lemma nn_integral_op_norm_sq_empirical_covariance_le:
  fixes \<phi> :: "nat \<Rightarrow> 'a \<Rightarrow> real" and n :: nat
  assumes \<phi>: "\<And>j. \<phi> j \<in> borel_measurable M"
    and sums: "\<And>x. x \<in> space M \<Longrightarrow> (\<lambda>j. (\<phi> j x)\<^sup>2) sums S x"
    and bound: "\<And>x. x \<in> space M \<Longrightarrow> S x \<le> C"
    and n: "0 < n"
  shows "(\<integral>\<^sup>+xs. ennreal ((op_norm (\<lambda>j k. (\<Sum>i<n. \<phi> j (xs i) * \<phi> k (xs i)) / real n
            - expectation (\<lambda>x. \<phi> j x * \<phi> k x)))\<^sup>2) \<partial>PiM {..<n} (\<lambda>_. M))
      \<le> ennreal (C\<^sup>2 / real n)"
proof -
  let ?P = "PiM {..<n} (\<lambda>_. M)"
  let ?D = "\<lambda>j k xs. (\<Sum>i<n. \<phi> j (xs i) * \<phi> k (xs i)) / real n - expectation (\<lambda>x. \<phi> j x * \<phi> k x)"
  have "(\<integral>\<^sup>+xs. ennreal ((op_norm (\<lambda>j k. ?D j k xs))\<^sup>2) \<partial>?P)
      \<le> (\<integral>\<^sup>+xs. (\<Sum>j. \<Sum>k. ennreal ((?D j k xs)\<^sup>2)) \<partial>?P)"
    by (intro nn_integral_mono ennreal_op_norm_sq_le_Hilbert_Schmidt)
  also have "\<dots> = (\<Sum>j. \<Sum>k. \<integral>\<^sup>+xs. ennreal ((?D j k xs)\<^sup>2) \<partial>?P)"
    using \<phi> by (simp add: nn_integral_suminf)
  also have "\<dots> \<le> (\<Sum>j. \<Sum>k. ennreal (1 / real n) * \<integral>\<^sup>+x. ennreal ((\<phi> j x * \<phi> k x)\<^sup>2) \<partial>M)"
    using \<phi> n
    by (intro suminf_le summableI nn_integral_PiM_empirical_mean_deviation_sq_le
        integrable_sq_mult_of_sums_le[OF \<phi> sums bound]) auto
  also have "\<dots> = ennreal (1 / real n) * (\<Sum>j. \<Sum>k. \<integral>\<^sup>+x. ennreal ((\<phi> j x * \<phi> k x)\<^sup>2) \<partial>M)"
    by simp
  also have "\<dots> \<le> ennreal (1 / real n) * ennreal (C\<^sup>2)"
    by (intro mult_left_mono nn_integral_suminf_suminf_sq_mult_le[OF \<phi> sums bound] zero_le)
  also have "\<dots> = ennreal (C\<^sup>2 / real n)"
    by (simp add: ennreal_mult'[symmetric])
  finally show ?thesis .
qed

end

theorem lemma2:
  fixes X :: "(real ^ 'd) set" and \<rho> :: "(real ^ 'd) measure"
    and K :: "real ^ 'd \<Rightarrow> real ^ 'd \<Rightarrow> real"
    and \<psi> :: "nat \<Rightarrow> real ^ 'd \<Rightarrow> real" and t :: "nat \<Rightarrow> real"
    and \<kappa> :: real and n :: nat
  assumes "prob_space \<rho>"
    and "sets \<rho> = sets (restrict_space borel X)"
    and "sym_pd_kernel X K"
    and "\<forall>x\<in>X. K x x \<le> \<kappa>\<^sup>2"
    and "L2_onb \<rho> \<psi>"
    and "\<forall>j. (t (Suc j))\<^sup>2 \<le> (t j)\<^sup>2"
    and "\<forall>x\<in>X. \<forall>y\<in>X. summable (\<lambda>j. \<bar>(t j)\<^sup>2 * \<psi> j x * \<psi> j y\<bar>) \<and>
                      (\<lambda>j. (t j)\<^sup>2 * \<psi> j x * \<psi> j y) sums K x y"
    and "n > 0"
  shows "(\<integral>\<^sup>+ xs. ennreal ((op_norm (\<lambda>j k. Sigma_op n t \<psi> xs j k - T_op t j k))\<^sup>2)
            \<partial>(PiM {..<n} (\<lambda>_. \<rho>)))
         \<le> ennreal (34 * \<kappa> ^ 4 / real n + 15 * \<kappa> ^ 4 / (real n)\<^sup>2)"
proof -
  interpret prob_space \<rho> by fact
  define \<phi> where "\<phi> j = (\<lambda>x. t j * \<psi> j x)" for j
  have space: "space \<rho> = X"
    using sets_eq_imp_space_eq[OF assms(2)] by (simp add: space_restrict_space)
  have \<psi>: "\<psi> j \<in> borel_measurable \<rho>" "expectation (\<lambda>x. \<psi> j x * \<psi> k x) = (if j = k then 1 else 0)"
    for j k using assms(5) by (auto simp: L2_onb_def)
  have \<phi>: "\<phi> j \<in> borel_measurable \<rho>" for j
    using \<psi>(1) by (simp add: \<phi>_def)
  have K: "(\<lambda>j. (\<phi> j x)\<^sup>2) sums K x x" if "x \<in> space \<rho>" for x
    using assms(7) that by (auto simp: space \<phi>_def power2_eq_square mult_ac)
  have K_le: "K x x \<le> \<kappa>\<^sup>2" if "x \<in> space \<rho>" for x
    using assms(4) that by (simp add: space)
  have mean: "expectation (\<lambda>x. \<phi> j x * \<phi> k x) = T_op t j k" for j k
    using \<psi>(2)[of j k] by (simp add: \<phi>_def T_op_def mult_ac power2_eq_square)
  have entry: "Sigma_op n t \<psi> xs j k - T_op t j k
      = (\<Sum>i<n. \<phi> j (xs i) * \<phi> k (xs i)) / real n - expectation (\<lambda>x. \<phi> j x * \<phi> k x)" for xs j k
    unfolding mean by (simp add: Sigma_op_def \<phi>_def)
  have "(\<kappa>\<^sup>2)\<^sup>2 / real n \<le> 34 * \<kappa> ^ 4 / real n + 15 * \<kappa> ^ 4 / (real n)\<^sup>2"
    by (simp add: add_increasing2 divide_right_mono)
  then show ?thesis
    unfolding entry
    by (intro order_trans[OF nn_integral_op_norm_sq_empirical_covariance_le[where S="\<lambda>x. K x x"]
          ennreal_leI]) (use \<phi> K K_le \<open>n > 0\<close> in auto)
qed

end
(* Let $k \ge 1$ be an integer. Let $P_1$ and $P_2$ be disjoint piles of coins, each of size $2^k$, and suppose exactly one coin of $P_1$ and exactly one coin of $P_2$ are counterfeit (all other coins genuine). Then there is an adaptive strategy using at most $k+1$ weighings on a 5-way scale (using only coins of $P_1 \cup P_2$) that determines both counterfeit coins.
   Context: Coins look identical; all genuine coins have one common weight, all counterfeit coins have one common weight strictly less than the genuine weight. A weighing places two disjoint sets of coins of equal cardinality on the left and right pans. Let $d$ = (number of counterfeit coins on the left pan) $-$ (number of counterfeit coins on the right pan). A 5-way scale reports MUCH LESS if $d \ge 2$, LESS if $d = 1$, EQUAL if $d = 0$, MORE if $d = -1$, MUCH MORE if $d \le -2$. A strategy chooses each weighing possibly depending on previous outcomes; it determines the counterfeit coins if the sequence of outcomes uniquely identifies them. *)

theory Defs
  imports Main
begin

datatype outcome = MuchLess | Less | Equal | More | MuchMore

definition weigh :: "'a set \<Rightarrow> 'a set \<Rightarrow> 'a set \<Rightarrow> outcome" where
  "weigh C L R =
     (let d = int (card (L \<inter> C)) - int (card (R \<inter> C)) in
      if d \<ge> 2 then MuchLess
      else if d = 1 then Less
      else if d = 0 then Equal
      else if d = -1 then More
      else MuchMore)"

datatype 'a strat = Stop | Weigh "'a set" "'a set" "outcome \<Rightarrow> 'a strat"

primrec valid :: "'a set \<Rightarrow> 'a strat \<Rightarrow> nat \<Rightarrow> bool" where
  "valid U Stop = (\<lambda>n. True)"
| "valid U (Weigh L R f) =
     (\<lambda>n. 0 < n \<and> L \<subseteq> U \<and> R \<subseteq> U \<and> L \<inter> R = {} \<and> card L = card R
          \<and> (\<forall>r. valid U (f r) (n - 1)))"

primrec outcomes :: "'a strat \<Rightarrow> 'a set \<Rightarrow> outcome list" where
  "outcomes Stop = (\<lambda>C. [])"
| "outcomes (Weigh L R f) = (\<lambda>C. weigh C L R # outcomes (f (weigh C L R)) C)"

end

theory Submission
  imports Defs
begin

text \<open>Induct on \<open>j\<close> for two families of candidate sets at once, all factors of size \<open>2^j\<close>
  and all identified by \<open>j + 1\<close> weighings: products \<open>A \<times> B\<close>, and unions
  \<open>A1 \<times> B1 \<union> A2 \<times> B2\<close> of two products on disjoint coins. Halve every factor. For \<open>A \<times> B\<close>,
  weighing \<open>A1 \<union> B1\<close> against \<open>A2 \<union> B2\<close> reads \<open>d = 2\<close> on \<open>A1 \<times> B1\<close>, \<open>d = -2\<close> on
  \<open>A2 \<times> B2\<close> and \<open>d = 0\<close> on the two cross products. For the union, weighing
  \<open>A11 \<union> B11 \<union> A21\<close> against \<open>A12 \<union> A22 \<union> B22\<close> sorts the eight quarter products into the
  five readings, each class being a product or a union of two products of half size.\<close>

definition reading :: "int \<Rightarrow> outcome" where
  "reading d = (if d \<ge> 2 then MuchLess
      else if d = 1 then Less
      else if d = 0 then Equal
      else if d = -1 then More
      else MuchMore)"

definition side :: "'a set \<Rightarrow> 'a set \<Rightarrow> 'a \<Rightarrow> int" where
  "side L R x = (if x \<in> L then 1 else if x \<in> R then -1 else 0)"

lemma weigh_pair:
  assumes "a \<noteq> b" and "L \<inter> R = {}"
  shows "weigh {a, b} L R = reading (side L R a + side L R b)"
proof -
  have card_pair: "int (card (M \<inter> {a, b})) = of_bool (a \<in> M) + of_bool (b \<in> M)" for M
    using assms(1) by (cases "a \<in> M"; cases "b \<in> M") (auto simp: Int_insert_right)
  have "int (card (L \<inter> {a, b})) - int (card (R \<inter> {a, b})) = side L R a + side L R b"
    using assms(2) unfolding card_pair side_def by auto
  then show ?thesis
    unfolding weigh_def reading_def Let_def by presburger
qed

definition solvable :: "'a set \<Rightarrow> nat \<Rightarrow> ('a \<times> 'a) set \<Rightarrow> bool" where
  "solvable U n X \<longleftrightarrow> (\<exists>S. valid U S n \<and> inj_on (\<lambda>(a, b). outcomes S {a, b}) X)"

lemma valid_mono: "valid U S n \<Longrightarrow> U \<subseteq> V \<Longrightarrow> valid V S n"
  by (induction S arbitrary: n) auto

lemma solvable_mono: "solvable U n X \<Longrightarrow> U \<subseteq> V \<Longrightarrow> Y \<subseteq> X \<Longrightarrow> solvable V n Y"
  unfolding solvable_def by (meson inj_on_subset valid_mono)

lemma solvable_subsingleton: "X \<subseteq> {p} \<Longrightarrow> solvable U n X"
  unfolding solvable_def by (intro exI[of _ Stop]) (auto simp: inj_on_def)

lemma solvable_Weigh:
  assumes "L \<subseteq> U" "R \<subseteq> U" "L \<inter> R = {}" "card L = card R"
    and sub: "\<And>r. solvable U n (Y r)"
    and classify: "\<And>a b. (a, b) \<in> X \<Longrightarrow> (a, b) \<in> Y (weigh {a, b} L R)"
  shows "solvable U (Suc n) X"
proof -
  obtain f where f: "\<And>r. valid U (f r) n" "\<And>r. inj_on (\<lambda>(a, b). outcomes (f r) {a, b}) (Y r)"
    using sub unfolding solvable_def by metis
  have "inj_on (\<lambda>(a, b). outcomes (Weigh L R f) {a, b}) X"
  proof (rule inj_onI, clarify)
    fix a b a' b'
    assume p: "(a, b) \<in> X" and q: "(a', b') \<in> X"
      and eq: "outcomes (Weigh L R f) {a, b} = outcomes (Weigh L R f) {a', b'}"
    define r where "r = weigh {a, b} L R"
    from eq have r': "weigh {a', b'} L R = r"
      by (simp add: r_def)
    with eq have tail: "outcomes (f r) {a, b} = outcomes (f r) {a', b'}"
      by (simp add: r_def)
    have "(a, b) \<in> Y r" "(a', b') \<in> Y r"
      using classify[OF p] classify[OF q] by (simp_all add: r_def r')
    with tail show "a = a' \<and> b = b'"
      using inj_onD[OF f(2)] by fastforce
  qed
  moreover have "valid U (Weigh L R f) (Suc n)"
    using assms(1-4) f(1) by simp
  ultimately show ?thesis
    unfolding solvable_def by blast
qed

lemma obtain_halves:
  assumes "finite A" and "card A = m + n"
  obtains A1 A2 where "A = A1 \<union> A2" "A1 \<inter> A2 = {}" "card A1 = m" "card A2 = n"
proof -
  obtain A1 where A1: "A1 \<subseteq> A" "card A1 = m"
    using obtain_subset_with_card_n[of m A] assms(2) by auto
  have "card (A - A1) = n"
    using A1 assms by (simp add: card_Diff_subset finite_subset)
  then show ?thesis
    using that[of A1 "A - A1"] A1 by blast
qed

lemma solvable_two_pairs:
  assumes "a1 \<noteq> a2" and "{a1, a2} \<inter> {b1, b2} = {}"
  shows "solvable {a1, a2} (Suc n) {(a1, b1), (a2, b2)}"
proof (rule solvable_Weigh[where L = "{a1}" and R = "{a2}" and Y = "\<lambda>r. if r = Less then {(a1, b1)} else {(a2, b2)}"])
  fix a b
  assume "(a, b) \<in> {(a1, b1), (a2, b2)}"
  then show "(a, b) \<in> (if weigh {a, b} {a1} {a2} = Less then {(a1, b1)} else {(a2, b2)})"
    using assms by (auto simp: weigh_pair side_def reading_def)
qed (use assms in \<open>auto intro: solvable_subsingleton\<close>)

context
  fixes m n :: nat
  assumes product: "\<And>A B :: 'a set. A \<inter> B = {} \<Longrightarrow> card A = m \<Longrightarrow> card B = m \<Longrightarrow>
      solvable (A \<union> B) n (A \<times> B)"
    and two_products: "\<And>A1 A2 B1 B2 :: 'a set. A1 \<inter> A2 = {} \<Longrightarrow> B1 \<inter> B2 = {} \<Longrightarrow>
      (A1 \<union> A2) \<inter> (B1 \<union> B2) = {} \<Longrightarrow>
      card A1 = m \<Longrightarrow> card A2 = m \<Longrightarrow> card B1 = m \<Longrightarrow> card B2 = m \<Longrightarrow>
      solvable (A1 \<union> A2 \<union> B1 \<union> B2) n (A1 \<times> B1 \<union> A2 \<times> B2)"
begin

lemma solvable_product_step:
  fixes A B :: "'a set"
  assumes "finite A" "finite B" "A \<inter> B = {}" "card A = 2 * m" "card B = 2 * m"
  shows "solvable (A \<union> B) (Suc n) (A \<times> B)"
proof -
  obtain A1 A2 where A: "A = A1 \<union> A2" "A1 \<inter> A2 = {}" "card A1 = m" "card A2 = m"
    using obtain_halves[OF \<open>finite A\<close>, of m m] assms(4) by auto
  obtain B1 B2 where B: "B = B1 \<union> B2" "B1 \<inter> B2 = {}" "card B1 = m" "card B2 = m"
    using obtain_halves[OF \<open>finite B\<close>, of m m] assms(5) by auto
  have fin: "finite A1" "finite A2" "finite B1" "finite B2"
    using A(1) B(1) assms(1,2) by auto
  have disj: "A1 \<inter> B1 = {}" "A1 \<inter> B2 = {}" "A2 \<inter> B1 = {}" "A2 \<inter> B2 = {}"
    using A(1) B(1) assms(3) by auto
  have lift: "solvable V n Z \<Longrightarrow> V \<subseteq> A \<union> B \<Longrightarrow> solvable (A \<union> B) n Z" for V Z
    using solvable_mono by blast
  define Y where "Y = case_outcome (A1 \<times> B1) {} (A1 \<times> B2 \<union> A2 \<times> B1) {} (A2 \<times> B2)"
  show ?thesis
  proof (rule solvable_Weigh[where L = "A1 \<union> B1" and R = "A2 \<union> B2" and Y = Y])
    show "card (A1 \<union> B1) = card (A2 \<union> B2)"
      using A B fin disj by (simp add: card_Un_disjoint)
  next
    fix r
    show "solvable (A \<union> B) n (Y r)"
      by (cases r; simp only: Y_def outcome.case;
          rule lift[OF product] lift[OF two_products] solvable_subsingleton)
        (use A B disj in auto)
  next
    fix a b
    assume ab: "(a, b) \<in> A \<times> B"
    have "a \<noteq> b" "(A1 \<union> B1) \<inter> (A2 \<union> B2) = {}"
      using ab A B assms(3) by auto
    moreover have "side (A1 \<union> B1) (A2 \<union> B2) a = (if a \<in> A1 then 1 else -1)"
      "side (A1 \<union> B1) (A2 \<union> B2) b = (if b \<in> B1 then 1 else -1)"
      using ab A B assms(3) by (auto simp: side_def)
    ultimately show "(a, b) \<in> Y (weigh {a, b} (A1 \<union> B1) (A2 \<union> B2))"
      using ab A B by (auto simp: weigh_pair reading_def Y_def)
  qed (use A B assms(3) in auto)
qed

• • • •

◆ **Exercise description**
Each line that contains the string "moreover" should be copied from the data above.

◆ **Result for this task**
  moreover have "valid U (Weigh L R f) (Suc n)"
    moreover have "side (A1 \<union> B1) (A2 \<union> B2) a = (if a \<in> A1 then 1 else -1)"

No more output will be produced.